- Premier Miton calls for new ‘Great British ISA’
- New wrapper would have extra £5,000 annual allowance
- AJ Bell argues six different ISA variations already cause confusion
Fund manager Premier Miton (PMI:AIM) is calling for a new ‘Great British ISA’ designed to invest solely in UK equities that it believes would help encourage private companies to list in the UK and stay and grow here in Britain.
The asset manager wants UK policymakers to add a further £5,000 to the annual ISA allowance for investment exclusively into the new GB ISA, on top of the current £20,000 annual allowance.

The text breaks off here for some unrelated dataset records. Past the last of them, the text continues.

(* Let $\bm M\in\mathcal{B}(N,r)$. Then there exist an integer $r'$ with $r\le r'\le rN$ and $\bm U\in\mathbb{R}^{r'\times rN}$ with $\bm M = \bm U^\top\bm U$ of the block form $$\bm U = \begin{bmatrix} \bm S_1 & \bm S_2 & \cdots & \bm S_N \\ \bm R_1 & \bm R_2 & \cdots & \bm R_N\end{bmatrix},$$ where $\bm S_i\in\mathbb{R}^{r\times r}$ are symmetric, $\bm S_1 = \bm I_r$, $\bm R_i\in\mathbb{R}^{(r'-r)\times r}$, $\bm R_1 = \bm 0$, and for all $i,j\in[N]$, $$\bm S_i^2 + \bm R_i^\top\bm R_i = \bm I_r,\qquad \bm S_i\bm S_j - \bm S_j\bm S_i + \bm R_i^\top\bm R_j - \bm R_j^\top\bm R_i = \bm 0.$$
   Context: A matrix $\bm M \in \mathbb{R}^{rN\times rN}$ is viewed as an $N\times N$ array of $r\times r$ blocks, $\bm M_{[ij]}$ denoting block $(i,j)$. $\mathcal{B}(N,r)$ is the set of symmetric $\bm M \in \mathbb{R}^{rN\times rN}$ with $\bm M \succeq 0$, $\bm M_{[ii]} = \bm I_r$ for all $i$, and $\bm M_{[ij]} = \bm M_{[ij]}^\top$ for all $i,j$. *)

theory Defs
  imports "Jordan_Normal_Form.Matrix"
begin

definition psd_mat :: "real mat \<Rightarrow> bool" where
  "psd_mat M \<longleftrightarrow> M \<in> carrier_mat (dim_row M) (dim_row M) \<and>
     (\<forall>x \<in> carrier_vec (dim_row M). 0 \<le> x \<bullet> (M *\<^sub>v x))"

definition blk :: "nat \<Rightarrow> 'a mat \<Rightarrow> nat \<Rightarrow> nat \<Rightarrow> 'a mat" where
  "blk r M i j = mat r r (\<lambda>(a,b). M $$ (r*i + a, r*j + b))"
lemma branch_configs_distinct:
  assumes "0 < L" "\<And>b. g (origin d) b = b"
  shows "(\<lambda>x. site L d x \<and> g x False) \<noteq> (\<lambda>x. site L d x \<and> g x True)"
proof
  assume "(\<lambda>x. site L d x \<and> g x False) = (\<lambda>x. site L d x \<and> g x True)"
  from fun_cong[OF this, of "origin d"] show False
    using assms site_origin[OF assms(1)] by simp
qed

lemma config_determined_by_origin_iff:
  assumes "0 < L" and g_origin: "\<And>b. g (origin d) b = b"
  shows "config L d \<sigma> \<and> (\<forall>x\<in>{x. site L d x} - {origin d}. \<sigma> x = g x (\<sigma> (origin d)))
     \<longleftrightarrow> \<sigma> = (\<lambda>x. site L d x \<and> g x False) \<or> \<sigma> = (\<lambda>x. site L d x \<and> g x True)"
    (is "?classical \<longleftrightarrow> \<sigma> = ?cfg False \<or> \<sigma> = ?cfg True")
proof
  assume classical: ?classical
  have "\<sigma> x = ?cfg (\<sigma> (origin d)) x" for x
  proof (cases "site L d x")
    case True
    then show ?thesis
      using classical g_origin by (cases "x = origin d") simp_all
  next
    case False
    then show ?thesis
      using classical unfolding config_def by blast
  qed
  then have "\<sigma> = ?cfg (\<sigma> (origin d))" ..
  then show "\<sigma> = ?cfg False \<or> \<sigma> = ?cfg True"
    by (cases "\<sigma> (origin d)") simp_all
next
  assume "\<sigma> = ?cfg False \<or> \<sigma> = ?cfg True"
  then obtain c where \<sigma>: "\<sigma> = ?cfg c"
    by blast
  then have "\<sigma> (origin d) = c"
    using site_origin[OF assms(1)] g_origin by simp
  with \<sigma> show ?classical
    by (simp add: config_def)
qed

One compelling argument for the mooted GB ISA is it would funnel retail investor savings into UK-listed shares, thereby boosting the valuations of UK companies, although the product wouldn’t appeal to investors hungry for exposure to international shares.
WHAT IS THE GB ISA?
Premier Miton’s GB ISA plan has been drawn up to help support UK listed shares and complement the Government’s Edinburgh Reforms, which focus on making the UK a technology and life sciences leader through early-stage investment in private, unlisted startups across tech, innovation and science.
The new ISA product would specifically direct investment into UK listed companies, providing an attractive listing environment for UK start-ups and private companies to stay and grow here in the UK, argues Premier Miton, and the proposals come at a time when chancellor Jeremy Hunt is set on directing a chunk of the UK’s £2.5 trillion pensions war chest into the UK economy.
According to Financial Conduct Authority data, 8.4 million people with £10,000 or more of investable assets hold the majority or all of it in cash. Assuming these 8.4 million people invested the maximum £5,000 in the GB ISA, £42 billion could be raised for listed British businesses in the first year alone. If repeated over 5 years, UK plc could benefit to the tune of £210 billion.
Premier Miton points out these inflows could support improved company valuations, keep them from listing overseas and help to defend the UK’s best companies from being taken over by overseas buyers.
CEO Mike O’Shea commented: ‘Ensuring companies have access to the capital they need will encourage them to scale up and list here in the UK. This will mean that companies’ headquarters, and all the associated high-paying roles, tax receipts and international prestige, remain here in the UK.’
O’Shea added: ‘The GB ISA would fully unlock the potential of the City, to not only scale up smaller private companies, but to provide those same companies with an attractive listing environment to stay and grow here in the UK. With cross-party political will, we can deepen the capital liquidity on offer to British businesses and make the UK listing regime the global capital of capital.’
RADICAL OVERHAUL
However, Premier Miton’s proposals are the complete opposite of the radical overhaul of the ISA system called for by AJ Bell (AJB) in April, which would see all exiting ISAs consolidated into to a single ‘One ISA’ product with a £20,000 annual subscription limit.
Co-founder Andy Bell pointed out that ISAs are currently too complicated and savers are faced with too much choice as the investment platform set out a blueprint for a single ISA solution.
By bringing together the different ISA types but stripping away the unnecessary and unpopular Innovative Finance ISA, the proposal leaves a flagship ‘One ISA’ savings and investment vehicle with a single set of rules.
Bell commented: ‘A One ISA system would help to encourage competition, making it easier for customers to compare just a single type of ISA product and switch between different providers.
‘The introduction of a government bonus within Lifetime ISAs has added significant complexity to ISAs and there is a strong argument that removing the bonus and effectively abolishing Lifetime ISAs would make ISAs significantly simpler for consumers and less open to political interference. However, the bonus does provide an incentive to save so if it were retained following ISA simplification, the government should consider making it more flexible and extending its reach.’
Disclaimer: Financial services company AJ Bell referenced in the article owns Shares magazine. The author of the article (James Crux) and the editor of the article (Martin Gamble) own shares in AJ Bell.